Return the entire listing exactly, leaving nothing out.

Data:
────────────────────
lemma root_cond_exp_power_le:
  assumes S: "S \<in> borel_measurable M" "AE \<omega> in M. 0 \<le> S \<omega>" "AE \<omega> in M. S \<omega> \<le> B \<omega>"
    and B: "B \<in> borel_measurable F" "AE \<omega> in M. B \<omega> \<le> C"
    and "1 \<le> p"
  shows "AE \<omega> in M. real_cond_exp M F (\<lambda>\<omega>. S \<omega> ^ p) \<omega> powr (1 / real p) \<le> B \<omega>"
proof -
  have B_M: "B \<in> borel_measurable M" using measurable_from_subalg[OF subalg B(1)] .
  have S_C: "AE \<omega> in M. S \<omega> \<le> C" using S(3) B(2) by eventually_elim simp
  have B_pos: "AE \<omega> in M. 0 \<le> B \<omega>" using S(2,3) by eventually_elim simp
  have int_S: "integrable M (\<lambda>\<omega>. S \<omega> ^ p)"
    using S(1,2) S_C by (rule integrable_power_if_bounded)
  have int_B: "integrable M (\<lambda>\<omega>. B \<omega> ^ p)"
    using B_M B_pos B(2) by (rule integrable_power_if_bounded)
  have "AE \<omega> in M. S \<omega> ^ p \<le> B \<omega> ^ p"
    using S(2,3) by eventually_elim (rule power_mono)
  then have mono: "AE \<omega> in M. real_cond_exp M F (\<lambda>\<omega>. S \<omega> ^ p) \<omega> \<le> real_cond_exp M F (\<lambda>\<omega>. B \<omega> ^ p) \<omega>"
    using int_S int_B by (rule real_cond_exp_mono)
  have B_fixed: "AE \<omega> in M. real_cond_exp M F (\<lambda>\<omega>. B \<omega> ^ p) \<omega> = B \<omega> ^ p"
    using int_B B(1) by (intro real_cond_exp_F_meas) measurable
  have pos: "AE \<omega> in M. 0 \<le> real_cond_exp M F (\<lambda>\<omega>. S \<omega> ^ p) \<omega>"
    using S(1,2) by (intro real_cond_exp_pos) (auto elim: eventually_mono)
  show ?thesis
    using mono B_fixed pos B_pos
    by eventually_elim (use \<open>1 \<le> p\<close> in \<open>simp add: powr_inverse_le_iff_le_power\<close>)
qed

lemma cond_esssup_le_real:
  assumes S: "S \<in> borel_measurable M" "AE \<omega> in M. 0 \<le> S \<omega>" "AE \<omega> in M. S \<omega> \<le> B \<omega>"
    and B: "B \<in> borel_measurable F" "AE \<omega> in M. B \<omega> \<le> C"
  shows "AE \<omega> in M. cond_esssup M F S \<omega> \<le> ereal (B \<omega>)"
proof -
  have "AE \<omega> in M. \<forall>p\<in>{1..}. real_cond_exp M F (\<lambda>\<omega>. S \<omega> ^ p) \<omega> powr (1 / real p) \<le> B \<omega>"
    using root_cond_exp_power_le[OF S B] by (subst AE_ball_countable) auto
  then show ?thesis
    unfolding cond_esssup_def by eventually_elim (auto intro!: SUP_least)
qed

lemma cond_esssup_le:
  assumes S: "S \<in> borel_measurable M" "AE \<omega> in M. 0 \<le> S \<omega>" "AE \<omega> in M. S \<omega> \<le> C"
    and Q: "Q \<in> borel_measurable F" "AE \<omega> in M. ereal (S \<omega>) \<le> Q \<omega>"
  shows "AE \<omega> in M. cond_esssup M F S \<omega> \<le> Q \<omega>"
proof -
  define B where "B \<omega> = real_of_ereal (min (Q \<omega>) (ereal C))" for \<omega>
  have B_meas: "B \<in> borel_measurable F" unfolding B_def using Q(1) by measurable
  have bounds: "AE \<omega> in M. S \<omega> \<le> B \<omega> \<and> B \<omega> \<le> C \<and> ereal (B \<omega>) \<le> Q \<omega>"
    using S(2,3) Q(2)
  proof eventually_elim
    case (elim \<omega>)
    then show ?case by (cases "Q \<omega>") (auto simp: B_def min_def)
  qed
  have "AE \<omega> in M. cond_esssup M F S \<omega> \<le> ereal (B \<omega>)"
    using bounds by (intro cond_esssup_le_real[OF S(1,2) _ B_meas]) (auto elim: eventually_mono)
  then show ?thesis
    using bounds by eventually_elim (blast intro: order_trans)
qed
────────────────────
Problem solution:
lemma root_cond_exp_power_le:
  assumes S: "S \<in> borel_measurable M" "AE \<omega> in M. 0 \<le> S \<omega>" "AE \<omega> in M. S \<omega> \<le> B \<omega>"
    and B: "B \<in> borel_measurable F" "AE \<omega> in M. B \<omega> \<le> C"
    and "1 \<le> p"
  shows "AE \<omega> in M. real_cond_exp M F (\<lambda>\<omega>. S \<omega> ^ p) \<omega> powr (1 / real p) \<le> B \<omega>"
proof -
  have B_M: "B \<in> borel_measurable M" using measurable_from_subalg[OF subalg B(1)] .
  have S_C: "AE \<omega> in M. S \<omega> \<le> C" using S(3) B(2) by eventually_elim simp
  have B_pos: "AE \<omega> in M. 0 \<le> B \<omega>" using S(2,3) by eventually_elim simp
  have int_S: "integrable M (\<lambda>\<omega>. S \<omega> ^ p)"
    using S(1,2) S_C by (rule integrable_power_if_bounded)
  have int_B: "integrable M (\<lambda>\<omega>. B \<omega> ^ p)"
    using B_M B_pos B(2) by (rule integrable_power_if_bounded)
  have "AE \<omega> in M. S \<omega> ^ p \<le> B \<omega> ^ p"
    using S(2,3) by eventually_elim (rule power_mono)
  then have mono: "AE \<omega> in M. real_cond_exp M F (\<lambda>\<omega>. S \<omega> ^ p) \<omega> \<le> real_cond_exp M F (\<lambda>\<omega>. B \<omega> ^ p) \<omega>"
    using int_S int_B by (rule real_cond_exp_mono)
  have B_fixed: "AE \<omega> in M. real_cond_exp M F (\<lambda>\<omega>. B \<omega> ^ p) \<omega> = B \<omega> ^ p"
    using int_B B(1) by (intro real_cond_exp_F_meas) measurable
  have pos: "AE \<omega> in M. 0 \<le> real_cond_exp M F (\<lambda>\<omega>. S \<omega> ^ p) \<omega>"
    using S(1,2) by (intro real_cond_exp_pos) (auto elim: eventually_mono)
  show ?thesis
    using mono B_fixed pos B_pos
    by eventually_elim (use \<open>1 \<le> p\<close> in \<open>simp add: powr_inverse_le_iff_le_power\<close>)
qed

lemma cond_esssup_le_real:
  assumes S: "S \<in> borel_measurable M" "AE \<omega> in M. 0 \<le> S \<omega>" "AE \<omega> in M. S \<omega> \<le> B \<omega>"
    and B: "B \<in> borel_measurable F" "AE \<omega> in M. B \<omega> \<le> C"
  shows "AE \<omega> in M. cond_esssup M F S \<omega> \<le> ereal (B \<omega>)"
proof -
  have "AE \<omega> in M. \<forall>p\<in>{1..}. real_cond_exp M F (\<lambda>\<omega>. S \<omega> ^ p) \<omega> powr (1 / real p) \<le> B \<omega>"
    using root_cond_exp_power_le[OF S B] by (subst AE_ball_countable) auto
  then show ?thesis
    unfolding cond_esssup_def by eventually_elim (auto intro!: SUP_least)
qed

lemma cond_esssup_le:
  assumes S: "S \<in> borel_measurable M" "AE \<omega> in M. 0 \<le> S \<omega>" "AE \<omega> in M. S \<omega> \<le> C"
    and Q: "Q \<in> borel_measurable F" "AE \<omega> in M. ereal (S \<omega>) \<le> Q \<omega>"
  shows "AE \<omega> in M. cond_esssup M F S \<omega> \<le> Q \<omega>"
proof -
  define B where "B \<omega> = real_of_ereal (min (Q \<omega>) (ereal C))" for \<omega>
  have B_meas: "B \<in> borel_measurable F" unfolding B_def using Q(1) by measurable
  have bounds: "AE \<omega> in M. S \<omega> \<le> B \<omega> \<and> B \<omega> \<le> C \<and> ereal (B \<omega>) \<le> Q \<omega>"
    using S(2,3) Q(2)
  proof eventually_elim
    case (elim \<omega>)
    then show ?case by (cases "Q \<omega>") (auto simp: B_def min_def)
  qed
  have "AE \<omega> in M. cond_esssup M F S \<omega> \<le> ereal (B \<omega>)"
    using bounds by (intro cond_esssup_le_real[OF S(1,2) _ B_meas]) (auto elim: eventually_mono)
  then show ?thesis
    using bounds by eventually_elim (blast intro: order_trans)
qed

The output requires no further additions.